Rolling up the scroll,
he handed it back to the attendant and sat down,
and the eyes of all in the synagogue looked intently at him.
He said to them,
“Today this Scripture passage is fulfilled in your hearing.”
And all spoke highly of him
and were amazed at the gracious words that came from his mouth.
They also asked, “Is this not the son of Joseph?”
He said to them, “Surely you will quote me this proverb,
‘Physician, cure yourself,’ and say, ‘Do here in your native place
the things that we heard were done in Capernaum.’”
And he said,
“Amen, I say to you, no prophet is accepted in his own native place.
Indeed, I tell you,
there were many widows in Israel in the days of Elijah
when the sky was closed for three and a half years
and a severe famine spread over the entire land.
It was to none of these that Elijah was sent,
but only to a widow in Zarephath in the land of Sidon.

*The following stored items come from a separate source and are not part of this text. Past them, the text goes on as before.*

(* Consider a system of $B$ boxes, each caching $M$ distinct contents (in an arbitrary placement) and able to serve at most $U$ concurrent unit-rate streams. The catalogue consists of a fixed finite number of classes $i\in\mathcal{I}$; class $i$ contains $\alpha_iB$ contents, each receiving requests according to an independent Poisson process of rate $\nu_i>0$; let $\alpha=\sum_i\alpha_i$. Service times are independent exponential of mean $1$, and an arriving request is accepted iff the resulting vector $\mathbf{n}$ of ongoing requests per content satisfies $\sum_{c\in\mathcal{S}}n_c\le U\,|\{b:\mathcal{S}\cap\mathcal{J}_b\neq\emptyset\}|$ for every set of contents $\mathcal{S}$ (where $\mathcal{J}_b$ is the cache of box $b$), and rejected otherwise. Let $M'=\lceil 2M/\alpha\rceil$. Then (i) more than half of the contents are replicated (cached) at most $M'$ times; and (ii) for each content replicated at most $M'$ times, the stationary loss probability of its requests is at least $E(\inf_i\nu_i,M'U)>0$, where $$E(\nu,C)=\frac{\nu^C}{C!}\Big[\sum_{n=0}^{C}\frac{\nu^n}{n!}\Big]^{-1}$$ is the Erlang function.
   Context: The acceptance condition is equivalent (by Hall's theorem) to the existence of an assignment of all ongoing requests to boxes holding the requested content with at most $U$ requests per box. *)

theory Defs
  imports Complex_Main
begin

text \<open>Boxes are 0..B-1; box b caches the set J b of contents; Cs is the (finite)
  catalogue of contents; U is the per-box streaming capacity.
  A state is a vector n of ongoing requests per content (zero outside Cs).\<close>

definition feasible :: "nat \<Rightarrow> (nat \<Rightarrow> 'c set) \<Rightarrow> 'c set \<Rightarrow> nat \<Rightarrow> ('c \<Rightarrow> nat) \<Rightarrow> bool" where
  "feasible B J Cs U n \<longleftrightarrow>
     (\<forall>S. S \<subseteq> Cs \<longrightarrow> (\<Sum>c\<in>S. n c) \<le> U * card {b. b < B \<and> S \<inter> J b \<noteq> {}})"

definition states :: "nat \<Rightarrow> (nat \<Rightarrow> 'c set) \<Rightarrow> 'c set \<Rightarrow> nat \<Rightarrow> ('c \<Rightarrow> nat) set" where
  "states B J Cs U = {n. (\<forall>c. c \<notin> Cs \<longrightarrow> n c = 0) \<and> feasible B J Cs U n}"

text \<open>Stationary distribution of the loss-network Markov chain: arrivals for content c
  at rate \<nu> (cls c), accepted iff the resulting state is feasible; each ongoing request
  completes at rate 1. Global balance equations on the (finite) state space.\<close>

definition stationary_dist ::
  "nat \<Rightarrow> (nat \<Rightarrow> 'c set) \<Rightarrow> 'c set \<Rightarrow> nat \<Rightarrow> ('c \<Rightarrow> 'i) \<Rightarrow> ('i \<Rightarrow> real)
     \<Rightarrow> (('c \<Rightarrow> nat) \<Rightarrow> real) \<Rightarrow> bool" where
  "stationary_dist B J Cs U cls \<nu> \<pi> \<longleftrightarrow>
     (\<forall>n\<in>states B J Cs U. \<pi> n \<ge> 0) \<and>
     (\<Sum>n\<in>states B J Cs U. \<pi> n) = 1 \<and>
     (\<forall>m\<in>states B J Cs U.
        \<pi> m * (\<Sum>c\<in>Cs. (if feasible B J Cs U (m(c := Suc (m c))) then \<nu> (cls c) else 0)
                        + real (m c))
        = (\<Sum>c\<in>Cs. (if m c > 0 then \<nu> (cls c) * \<pi> (m(c := m c - 1)) else 0)
              + (if m(c := Suc (m c)) \<in> states B J Cs U
                 then real (Suc (m c)) * \<pi> (m(c := Suc (m c))) else 0)))"

text \<open>Stationary loss probability of requests for content c (by PASTA, the stationary
  probability of the states in which an arriving request for c is rejected).\<close>

definition loss_prob ::
  "nat \<Rightarrow> (nat \<Rightarrow> 'c set) \<Rightarrow> 'c set \<Rightarrow> nat \<Rightarrow> (('c \<Rightarrow> nat) \<Rightarrow> real) \<Rightarrow> 'c \<Rightarrow> real" where
  "loss_prob B J Cs U \<pi> c =
     (\<Sum>n\<in>{n \<in> states B J Cs U. \<not> feasible B J Cs U (n(c := Suc (n c)))}. \<pi> n)"

definition replication :: "nat \<Rightarrow> (nat \<Rightarrow> 'c set) \<Rightarrow> 'c \<Rightarrow> nat" where
  "replication B J c = card {b. b < B \<and> c \<in> J b}"

definition erlang :: "real \<Rightarrow> nat \<Rightarrow> real" where
  "erlang \<nu> C = (\<nu> ^ C / fact C) / (\<Sum>n\<le>C. \<nu> ^ n / fact n)"

end

theory Submission
  imports Defs
begin

(*
  The global balance equations force the product form: dividing a stationary pi by the
  product weight prod_c nu_c^(n_c) / n_c! turns it into a function whose value at every
  state is a weighted average of its values at the neighbouring states, hence constant by
  the maximum principle. For a content c with replication r, push the c-coordinate of every
  state up to its largest feasible value. This maps all states onto the states blocking c,
  and each fibre weighs at most 1 / E(nu_c, r U) times its blocking state, because
  n_c <= r U in every feasible state. So c is blocked with probability at least E(nu_c, r U),
  which decreases in r and increases in nu_c. Part (i) is Markov's inequality: the
  replications sum to B M while there are alpha B contents.
*)

lemma states_downward_closed:
  assumes "n \<in> states B J Cs U" and "\<And>x. m x \<le> n x"
  shows "m \<in> states B J Cs U"
proof -
  have "\<forall>c. c \<notin> Cs \<longrightarrow> m c = 0"
    using assms unfolding states_def by (metis (mono_tags, lifting) le_zero_eq mem_Collect_eq)
  moreover have "feasible B J Cs U m"
    unfolding feasible_def
  proof (intro allI impI)
    fix S assume "S \<subseteq> Cs"
    have "(\<Sum>c\<in>S. m c) \<le> (\<Sum>c\<in>S. n c)" by (rule sum_mono) (use assms in auto)
    also have "\<dots> \<le> U * card {b. b < B \<and> S \<inter> J b \<noteq> {}}"
      using assms(1) \<open>S \<subseteq> Cs\<close> unfolding states_def feasible_def by auto
    finally show "(\<Sum>c\<in>S. m c) \<le> U * card {b. b < B \<and> S \<inter> J b \<noteq> {}}" .
  qed
  ultimately show ?thesis unfolding states_def by auto
qed

lemma states_le_capacity:
  assumes "c \<in> Cs" and "n \<in> states B J Cs U"
  shows "n c \<le> U * replication B J c"
proof -
  have "(\<Sum>d\<in>{c}. n d) \<le> U * card {b. b < B \<and> {c} \<inter> J b \<noteq> {}}"
    using assms unfolding states_def feasible_def by auto
  moreover have "{b. b < B \<and> {c} \<inter> J b \<noteq> {}} = {b. b < B \<and> c \<in> J b}" by auto
  ultimately show ?thesis unfolding replication_def by simp
qed

lemma replication_le: "replication B J c \<le> B"
  unfolding replication_def
  by (metis (no_types, lifting) card_lessThan card_mono finite_lessThan lessThan_iff mem_Collect_eq subsetI)

lemma finite_states:
  assumes "finite Cs"
  shows "finite (states B J Cs U)"
proof -
  let ?F = "{f. \<forall>x. (x \<in> Cs \<longrightarrow> f x \<in> {..U * B}) \<and> (x \<notin> Cs \<longrightarrow> f x = 0)}"
  have "states B J Cs U \<subseteq> ?F"
  proof
    fix n assume n: "n \<in> states B J Cs U"
    have "\<forall>x\<in>Cs. n x \<le> U * B"
      using states_le_capacity[OF _ n] replication_le by (meson le_trans mult_le_mono2)
    with n show "n \<in> ?F" unfolding states_def by auto
  qed
  moreover have "finite ?F" using finite_set_of_finite_funs[OF assms, of "{..U * B}" 0] by simp
  ultimately show ?thesis by (rule finite_subset)
qed

lemma zero_in_states: "(\<lambda>_. 0) \<in> states B J Cs U"
  unfolding states_def feasible_def by auto

lemma fun_upd_in_states_iff:
  assumes "c \<in> Cs" and "m \<in> states B J Cs U"
  shows "m(c := k) \<in> states B J Cs U \<longleftrightarrow> feasible B J Cs U (m(c := k))"
  using assms unfolding states_def by auto

definition inv_erlang :: "real \<Rightarrow> nat \<Rightarrow> real" where
  "inv_erlang v K = (\<Sum>n\<le>K. v ^ n / fact n) * fact K / v ^ K"

lemma erlang_eq_inverse: "v > 0 \<Longrightarrow> erlang v K = 1 / inv_erlang v K"
  unfolding erlang_def inv_erlang_def by (simp add: field_simps)

lemma inv_erlang_0 [simp]: "inv_erlang v 0 = 1"
  unfolding inv_erlang_def by simp

lemma inv_erlang_Suc:
  assumes "v \<noteq> 0"
  shows "inv_erlang v (Suc K) = inv_erlang v K * real (Suc K) / v + 1"
proof -
  let ?S = "\<Sum>n\<le>K. v ^ n / fact n"
  have "inv_erlang v (Suc K) = (?S + v ^ Suc K / fact (Suc K)) * fact (Suc K) / v ^ Suc K"
    by (simp add: inv_erlang_def)
  also have "\<dots> = ?S * fact (Suc K) / v ^ Suc K + 1"
    using assms by (simp add: distrib_right add_divide_distrib del: fact_Suc)
  also have "?S * fact (Suc K) / v ^ Suc K = inv_erlang v K * real (Suc K) / v"
    by (simp add: inv_erlang_def fact_Suc power_Suc mult_ac)
  finally show ?thesis .
qed

lemma inv_erlang_ge_1:
  assumes "v > 0"
  shows "inv_erlang v K \<ge> 1"
proof (induction K)
  case (Suc K)
  then show ?case using inv_erlang_Suc[of v K] assms by simp
qed simp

Again, there were many lepers in Israel
during the time of Elisha the prophet;
yet not one of them was cleansed, but only Naaman the Syrian.”
When the people in the synagogue heard this,
they were all filled with fury.
They rose up, drove him out of the town,
and led him to the brow of the hill
on which their town had been built, to hurl him down headlong.
But he passed through the midst of them and went away.